With this change, your call to `embed_query` will succeed, returning a 2048-dimensional vector you can inspect or feed into downstream tasks.


## Exploring Embedding Dimensions

Well done learning about generating embeddings! Now, let's explore the dimensionality of these embeddings to deepen your understanding.

Your task is to print the length of the embedding vector using the len() function to see its dimensionality.
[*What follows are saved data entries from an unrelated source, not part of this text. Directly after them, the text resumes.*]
text \<open>A syllable (v, k) stands for the power v^k; a sequence of syllables
  stands for the product of its syllables.\<close>

abbreviation verts :: "('v \<times> 'b) list \<Rightarrow> 'v set" where
  "verts w \<equiv> fst ` set w"

definition vorder :: "'v \<Rightarrow> int" where
  "vorder v = int (od v)"

inductive swap :: "('v \<times> int) list \<Rightarrow> ('v \<times> int) list \<Rightarrow> bool" where
  swapI: "E (fst s) (fst t) \<Longrightarrow> swap (p @ [s, t] @ q) (p @ [t, s] @ q)"

abbreviation shuffle :: "('v \<times> int) list \<Rightarrow> ('v \<times> int) list \<Rightarrow> bool" where
  "shuffle \<equiv> swap\<^sup>*\<^sup>*"

text \<open>The vertices of syllables that can be shuffled to the front of a sequence.\<close>
fun front :: "('v \<times> int) list \<Rightarrow> 'v set" where
  "front [] = {}"
| "front (s # r) = insert (fst s) {x \<in> front r. E x (fst s)}"

fun exponent :: "'v \<Rightarrow> ('v \<times> int) list \<Rightarrow> int" where
  "exponent v [] = 0"
| "exponent v (s # r) = (if fst s = v then snd s else exponent v r)"

fun remove_vertex :: "'v \<Rightarrow> ('v \<times> int) list \<Rightarrow> ('v \<times> int) list" where
  "remove_vertex v [] = []"
| "remove_vertex v (s # r) = (if fst s = v then r else s # remove_vertex v r)"

text \<open>Normal sequences: every exponent is a nonzero residue modulo the vertex order, and no
  syllable can be shuffled next to an earlier syllable on the same vertex.\<close>
fun normal :: "('v \<times> int) list \<Rightarrow> bool" where
  "normal [] = True"
| "normal (s # r) \<longleftrightarrow>
     snd s \<noteq> 0 \<and> snd s mod vorder (fst s) = snd s \<and> fst s \<notin> front r \<and> normal r"

lemma front_append: "front (X @ Y) = front X \<union> {x \<in> front Y. \<forall>t\<in>set X. E x (fst t)}"
  by (induction X) auto

lemma front_verts: "front w \<subseteq> verts w"
  by (induction w) auto

lemma swap_sym: "swap w w' \<Longrightarrow> swap w' w"
  by (induction rule: swap.induct) (metis E_sym fst_conv swapI)

lemma shuffle_sym: "shuffle w w' \<Longrightarrow> shuffle w' w"
  by (induction rule: rtranclp_induct) (auto intro: converse_rtranclp_into_rtranclp swap_sym)

lemma shuffle_append_left: "shuffle w w' \<Longrightarrow> shuffle (p @ w) (p @ w')"
proof (induction rule: rtranclp_induct)
  case (step y z)
  have "swap (p @ y) (p @ z)" using step(2) by (induction rule: swap.induct) (metis append_assoc swapI)
  then show ?case using step(3) by simp
qed simp

lemma normal_append_cong: "front X = front Y \<Longrightarrow> normal X = normal Y \<Longrightarrow> normal (p @ X) = normal (p @ Y)"
  by (induction p) (auto simp: front_append)

lemma exponent_append: "exponent v (p @ X) = (if v \<in> verts p then exponent v p else exponent v X)"
  by (induction p) auto

lemma remove_vertex_append:
  "remove_vertex v (p @ X) = (if v \<in> verts p then remove_vertex v p @ X else p @ remove_vertex v X)"
  by (induction p) auto

lemma swap_invariants:
  assumes "swap w w'"
  shows "front w = front w' \<and> normal w = normal w' \<and> exponent v w = exponent v w'
    \<and> verts w = verts w' \<and> shuffle (remove_vertex v w) (remove_vertex v w')"
  using assms
proof (induction rule: swap.induct)
  case (swapI s t p q)
  have ne: "fst s \<noteq> fst t" using swapI E_irrefl by metis
  have front2: "front (s # t # q) = front (t # s # q)" using swapI E_sym by auto
  have normal2: "normal (s # t # q) = normal (t # s # q)" using swapI E_sym E_irrefl by auto
  have "shuffle (remove_vertex v (p @ [s, t] @ q)) (remove_vertex v (p @ [t, s] @ q))"
  proof (cases "v \<in> verts p")
    case True
    then show ?thesis using swap.swapI[OF swapI, of "remove_vertex v p" q] by (simp add: remove_vertex_append)
  next
    case False
    have "shuffle (remove_vertex v ([s, t] @ q)) (remove_vertex v ([t, s] @ q))"
      using ne swap.swapI[OF swapI, of "[]" "remove_vertex v q"] by auto
    then show ?thesis using False shuffle_append_left by (simp add: remove_vertex_append)
  qed
  then show ?case using front2 normal2 ne normal_append_cong[of "[s, t] @ q" "[t, s] @ q" p]
    by (cases "fst s = v"; cases "fst t = v") (auto simp: front_append exponent_append)
qed

lemma shuffle_invariants:
  assumes "shuffle w w'"
  shows "front w = front w' \<and> normal w = normal w' \<and> exponent v w = exponent v w'
    \<and> verts w = verts w' \<and> shuffle (remove_vertex v w) (remove_vertex v w')"
  using assms
proof (induction rule: rtranclp_induct)
  case (step y z) then show ?case using swap_invariants[OF step(2), of v] by auto
qed simp

lemma shuffle_verts: "shuffle w w' \<Longrightarrow> verts w = verts w'"
  using shuffle_invariants by blast

lemma shuffle_front: "shuffle w w' \<Longrightarrow> front w = front w'"
  using shuffle_invariants by blast

lemma shuffle_normal: "shuffle w w' \<Longrightarrow> normal w \<Longrightarrow> normal w'"
  using shuffle_invariants by blast

lemma shuffle_to_front: "v \<in> front w \<Longrightarrow> shuffle w ((v, exponent v w) # remove_vertex v w)"
proof (induction w)
  case (Cons s r)
  show ?case
  proof (cases "fst s = v")
    case True then show ?thesis by (cases s) auto
  next
    case False
    then have v: "v \<in> front r" "E v (fst s)" using Cons by auto
    have "shuffle (s # r) (s # (v, exponent v r) # remove_vertex v r)"
      using Cons.IH[OF v(1)] shuffle_append_left[of _ _ "[s]"] by simp
    moreover have "swap (s # (v, exponent v r) # remove_vertex v r) ((v, exponent v r) # s # remove_vertex v r)"
      using swapI[of s "(v, exponent v r)" "[]"] E_sym[OF v(2)] by simp
    ultimately show ?thesis using False by (auto intro: rtranclp.rtrancl_into_rtrancl)
  qed
qed simp

lemma front_remove_vertex: "E x v \<Longrightarrow> x \<in> front (remove_vertex v w) \<longleftrightarrow> x \<in> front w"
  using E_irrefl by (induction w) auto
lemma Lambda_margin_point_below:
  fixes W :: "real^3^3 \<Rightarrow> 'b::linorder_topology"
  assumes W: "continuous_on UNIV W" and z1: "z1 \<in> Lambda G j x"
    and z0: "z0 \<in> Lambda_margin G j \<beta> x" "0 < \<beta>" and less: "W (augm (G x) z1) < c"
  obtains \<alpha> \<zeta> where "0 < \<alpha>" "\<zeta> \<in> Lambda_margin G j \<alpha> x" "W (augm (G x) \<zeta>) < c"
proof -
  let ?\<zeta> = "\<lambda>t. (1 - t) *\<^sub>R z1 + t *\<^sub>R z0"
  have "((\<lambda>t. W (augm (G x) (?\<zeta> t))) \<longlongrightarrow> W (augm (G x) (?\<zeta> 0))) (at_right 0)"
    by (intro continuous_on_tendsto_compose[OF W] tendsto_intros) auto
  then have "((\<lambda>t. W (augm (G x) (?\<zeta> t))) \<longlongrightarrow> W (augm (G x) z1)) (at_right 0)"
    by simp
  then have "eventually (\<lambda>t. W (augm (G x) (?\<zeta> t)) < c) (at_right 0)"
    using less by (rule order_tendstoD)
  moreover have "eventually (\<lambda>t::real. 0 < t \<and> t < 1) (at_right 0)"
    unfolding eventually_at_right_field by (intro exI[of _ 1]) auto
  ultimately obtain t where t: "0 < t" "t < 1" "W (augm (G x) (?\<zeta> t)) < c"
    using eventually_happens'[OF trivial_limit_at_right_real eventually_conj] by blast
  have "?\<zeta> t \<in> Lambda_margin G j (t * \<beta>) x"
    using Lambda_margin_combination[OF z1[unfolded Lambda_eq_Lambda_margin_0] z0(1), of t] t
    by simp
  then show thesis
    using that[of "t * \<beta>"] t z0(2) by simp
qed

lemma scaled_col_cross_in_Lambda_margin:
  assumes \<eta>: "0 < \<eta>" "\<eta> \<le> norm (col_cross (G x))" and j: "4 \<le> real j * \<eta>" "1 \<le> j"
  shows "(real j / (2 * norm (col_cross (G x)))) *\<^sub>R col_cross (G x) \<in> Lambda_margin G j (1 / 2) x"
proof -
  let ?n = "col_cross (G x)"
  let ?z = "(real j / (2 * norm ?n)) *\<^sub>R ?n"
  have n_pos: "0 < norm ?n"
    using \<eta> by linarith
  have "real j * \<eta> \<le> real j * norm ?n"
    using \<eta>(2) by (simp add: mult_left_mono)
  moreover have "?z \<bullet> ?n = real j * norm ?n / 2"
    using n_pos by (simp add: power2_norm_eq_inner[symmetric] power2_eq_square)
  moreover have "1 / real j \<le> 1" "1 \<le> real j"
    using j(2) by simp_all
  moreover have "norm ?z = real j / 2"
    using n_pos by simp
  ultimately have "1 / real j + 1 / 2 \<le> ?z \<bullet> ?n" "norm ?z \<le> real j - 1 / 2"
    using j(1) by linarith+
  then show ?thesis
    unfolding Lambda_margin_def by simp
qed

lemma continuous_Lambda_margin_selection:
  assumes G: "continuous_on K G" and \<eta>: "0 < \<eta>" "\<And>y. y \<in> K \<Longrightarrow> \<eta> \<le> norm (col_cross (G y))"
    and j: "4 \<le> real j * \<eta>" "1 \<le> j"
  obtains z0 where "continuous_on K z0" "\<And>y. y \<in> K \<Longrightarrow> z0 y \<in> Lambda_margin G j (1 / 2) y"
proof
  have "2 * norm (col_cross (G y)) \<noteq> 0" if "y \<in> K" for y
    using \<eta>(1) \<eta>(2)[OF that] by linarith
  then show "continuous_on K (\<lambda>y. (real j / (2 * norm (col_cross (G y)))) *\<^sub>R col_cross (G y))"
    by (intro continuous_intros G) auto
  show "(real j / (2 * norm (col_cross (G y)))) *\<^sub>R col_cross (G y) \<in> Lambda_margin G j (1 / 2) y"
    if "y \<in> K" for y
    using \<eta>(1) \<eta>(2)[OF that] j by (rule scaled_col_cross_in_Lambda_margin)
qed

lemma W_bounded_on_Lambda:
  fixes W :: "real^3^3 \<Rightarrow> ennreal"
  assumes p: "0 \<le> p"
    and growth: "\<forall>\<delta>>0. \<exists>c. \<forall>F. det F \<ge> \<delta> \<longrightarrow> W F \<le> ennreal (c * (1 + norm F powr p))"
    and j: "1 \<le> j" and G: "bounded (G ` K)"
  obtains B where "\<And>y z. y \<in> K \<Longrightarrow> z \<in> Lambda G j y \<Longrightarrow> W (augm (G y) z) \<le> ennreal B"
proof -
  obtain S where S: "\<And>y. y \<in> K \<Longrightarrow> norm (G y) \<le> S"
    using G unfolding bounded_iff by auto
  have "0 < 1 / real j"
    using j by simp
  then obtain c where c: "\<And>F. det F \<ge> 1 / real j \<Longrightarrow> W F \<le> ennreal (c * (1 + norm F powr p))"
    using growth by blast
  have "W (augm (G y) z) \<le> ennreal (\<bar>c\<bar> * (1 + (S + real j) powr p))"
    if y: "y \<in> K" and z: "z \<in> Lambda G j y" for y z
  proof -
    let ?F = "augm (G y) z"
    have "norm ?F \<le> S + real j"
      using norm_augm_le[of "G y" z] S[OF y] z by (auto simp: Lambda_def)
    then have "norm ?F powr p \<le> (S + real j) powr p"
      using p by (simp add: powr_mono2)
    then have "\<bar>c\<bar> * (1 + norm ?F powr p) \<le> \<bar>c\<bar> * (1 + (S + real j) powr p)"
      by (simp add: mult_left_mono)
    moreover have "c * (1 + norm ?F powr p) \<le> \<bar>c\<bar> * (1 + norm ?F powr p)"
      by (intro mult_right_mono) auto
    ultimately have "c * (1 + norm ?F powr p) \<le> \<bar>c\<bar> * (1 + (S + real j) powr p)"
      by linarith
    then show ?thesis
      using c[of ?F] z by (auto simp: Lambda_def intro: order_trans ennreal_leI)
  qed
  then show thesis
    using that by blast
qed
section \<open>The map Psi\<close>

text \<open>The coefficients and composite flips defining Psi (see the formula in the header).\<close>
definition Psi_word :: "(complex \<times> nat list) list" where
  "Psi_word = [(1, [1,3]), (-1, [1,4,3]), (-1, [1,2,3]), (1, [1,2,4,3]), (-1, [2,1,3]),
    (1, [2,1,4,3]), (1, [1,2,1,3]), (-1, [1,2,1,4,3]), (-1, [3,2,1]), (1, [2,3,2,1]),
    (4, [3,2,1,4,3]), (1, [4,3,2,1]), (-1, [2,4,3,2,1]), (-4, [3,2,4,3,2,1]), (1, [0,1,2,3]),
    (-1, [0,1,2,4,3]), (-1, [0,1,2,1,3]), (1, [0,1,2,1,4,3]), (-4, [1,0,2,1,3,2,1,4,3]),
    (4, [1,0,2,1,3,2,4,3,2,1])]"

definition Psi :: "nat \<Rightarrow> (nat \<Rightarrow> nat \<Rightarrow> complex) \<Rightarrow> (nat list \<Rightarrow> complex) \<Rightarrow> nat list \<Rightarrow> complex" where
  "Psi m G = perm_comb m Psi_word G"

text \<open>Each component of Psi(X) is an explicit sum of 20 products of two metric entries and one
  entry of X.  Once the parities of the six indices are fixed, the identities below follow by
  bringing every metric entry and every entry of X into a fixed orientation, using the graded
  symmetry of the metric, the graded antisymmetry of X, and the vanishing of the metric between
  indices of different parity.\<close>
context
  fixes m n :: nat and G :: "nat \<Rightarrow> nat \<Rightarrow> complex" and X :: "nat list \<Rightarrow> complex"
    and a b c d e f :: nat
  assumes G: "osp_metric m n G"
    and X_antisym: "\<And>u v. X [u, v] = - sg (par m u * par m v) * X [v, u]"
begin

private lemmas orientation =
  osp_metric_sym[OF G, of b a] osp_metric_sym[OF G, of c a] osp_metric_sym[OF G, of d a]
  osp_metric_sym[OF G, of e a] osp_metric_sym[OF G, of f a] osp_metric_sym[OF G, of c b]
  osp_metric_sym[OF G, of d b] osp_metric_sym[OF G, of e b] osp_metric_sym[OF G, of f b]
  osp_metric_sym[OF G, of d c] osp_metric_sym[OF G, of e c] osp_metric_sym[OF G, of f c]
  osp_metric_sym[OF G, of e d] osp_metric_sym[OF G, of f d] osp_metric_sym[OF G, of f e]
  X_antisym[of b a] X_antisym[of c a] X_antisym[of d a] X_antisym[of e a] X_antisym[of f a]
  X_antisym[of c b] X_antisym[of d b] X_antisym[of e b] X_antisym[of f b] X_antisym[of d c]
  X_antisym[of e c] X_antisym[of f c] X_antisym[of e d] X_antisym[of f d] X_antisym[of f e]
  osp_metric_parity_zero[OF G, of a b] osp_metric_parity_zero[OF G, of a c]
  osp_metric_parity_zero[OF G, of a d] osp_metric_parity_zero[OF G, of a e]
  osp_metric_parity_zero[OF G, of a f] osp_metric_parity_zero[OF G, of b c]
  osp_metric_parity_zero[OF G, of b d] osp_metric_parity_zero[OF G, of b e]
  osp_metric_parity_zero[OF G, of b f] osp_metric_parity_zero[OF G, of c d]
  osp_metric_parity_zero[OF G, of c e] osp_metric_parity_zero[OF G, of c f]
  osp_metric_parity_zero[OF G, of d e] osp_metric_parity_zero[OF G, of d f]
  osp_metric_parity_zero[OF G, of e f]

private lemmas Psi_unfold = Psi_def perm_comb_def Psi_word_def gg_tensor_def tprod_def metric_tensor_def

lemma Psi_wedge_symmetries:
  "Psi m G X [a,b,c,d,e,f] = - sg (par m a * par m b) * Psi m G X [b,a,c,d,e,f] \<and>
   Psi m G X [a,b,c,d,e,f] = - sg (par m c * par m d) * Psi m G X [a,b,d,c,e,f] \<and>
   Psi m G X [a,b,c,d,e,f] = - sg (par m e * par m f) * Psi m G X [a,b,c,d,f,e] \<and>
   Psi m G X [a,b,c,d,e,f] = - sg ((par m a + par m b) * (par m c + par m d)) * Psi m G X [c,d,a,b,e,f]"
  unfolding Psi_unfold
  apply (simp add: flip_def swap_adj_def)
  apply (cases "a < m"; cases "b < m"; cases "c < m"; cases "d < m"; cases "e < m"; cases "f < m")
  by (simp_all add: par_def sg_def orientation)
lemma fg_INT_link_subgroup:
  assumes "group G" "fg_group G" "f \<in> iso G G" "2 \<le> n"
    and "I \<subseteq> {1..n}" "I \<noteq> {}" "I \<noteq> {1..n}"
  shows "fg_subgroup (DirPow G n) (\<Inter>i\<in>I. link_subgroup G f n i)"
proof -
  obtain j where j: "j \<in> {1..n}" "j \<notin> I"
    using assms(5,7) by blast
  have Gn: "group (DirPow G n)"
    using assms(1) by (rule DirPow_group)
  have shift_hom: "twisted_shift f n \<in> hom (DirPow G n) (DirPow G n)"
    using assms(3) by (intro twisted_shift_hom iso_imp_homomorphism)
  have "j \<le> n"
    using j(1) by simp
  then show ?thesis
    using assms(5,6) j(2)
  proof (induction j arbitrary: I rule: inc_induct)
    case base
    then have "I \<subseteq> {1..<n}"
      by auto
    then show ?case
      using fg_INT_link_subgroup_without_last[OF assms(1,2)] base.prems(2) by blast
  next
    case (step m)
    let ?succ = "\<lambda>i. Suc (i mod n)"
    have "?succ ` I \<subseteq> {1..n}" "?succ ` I \<noteq> {}"
      using step.prems(2) assms(4) by (auto simp: Suc_le_eq)
    moreover have "Suc m \<notin> ?succ ` I"
    proof
      assume "Suc m \<in> ?succ ` I"
      then obtain i where i: "i \<in> I" "m = i mod n"
        by blast
      have "1 \<le> m"
        using j(1) step.hyps(1) by simp
      then have "i = m"
        using i step.prems(1) by (cases "i = n") auto
      then show False
        using i step.prems(3) by simp
    qed
    ultimately have "fg_subgroup (DirPow G n) (\<Inter>i\<in>?succ ` I. link_subgroup G f n i)"
      by (rule step.IH)
    then have "fg_subgroup (DirPow G n) (\<Inter>i\<in>I. link_subgroup G f n (?succ i))"
      by (simp add: image_image)
    then have "fg_subgroup (DirPow G n) (twisted_shift f n ` (\<Inter>i\<in>I. link_subgroup G f n (?succ i)))"
      by (rule fg_subgroup_hom_image[OF Gn Gn shift_hom])
    then show ?case
      using twisted_shift_image_INT_link_subgroup[OF assms(3,4) step.prems(1,2)] by simp
  qed
qed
Observe how the vector length will match the dimension specified in the OpenAIEmbeddings initialization.

This exercise will help you grasp how the dimensions of an embedding relate to its informational capacity and computational needs.

```python
from langchain_openai import OpenAIEmbeddings
from langchain_community.document_loaders import PyPDFLoader
from langchain.text_splitter import RecursiveCharacterTextSplitter

# Define the file path
file_path = "data/the_adventure_of_the_blue_carbuncle.pdf"

# Create a loader for our document
loader = PyPDFLoader(file_path)

# Load the document
docs = loader.load()

# Split the document into chunks
text_splitter = RecursiveCharacterTextSplitter(chunk_size=1000, chunk_overlap=100)
split_docs = text_splitter.split_documents(docs)

# Initialize the OpenAIEmbeddings object
embedding_model = OpenAIEmbeddings(
    model="text-embedding-3-large",
    dimensions=2048
)

# Generate embeddings for the first document chunk
embedding_vector = embedding_model.embed_query(split_docs[0].page_content)

# TODO: Print the length of the embedding vector to explore its dimensionality
```


```python
# ... previous code ...

# Generate embeddings for the first document chunk
embedding_vector = embedding_model.embed_query(split_docs[0].page_content)

# Print the length of the embedding vector
print(f"Embedding dimensionality: {len(embedding_vector)}")
```

When you run this, you should see:

```
Embedding dimensionality: 2048
```

confirming that your embedding vector has 2048 dimensions.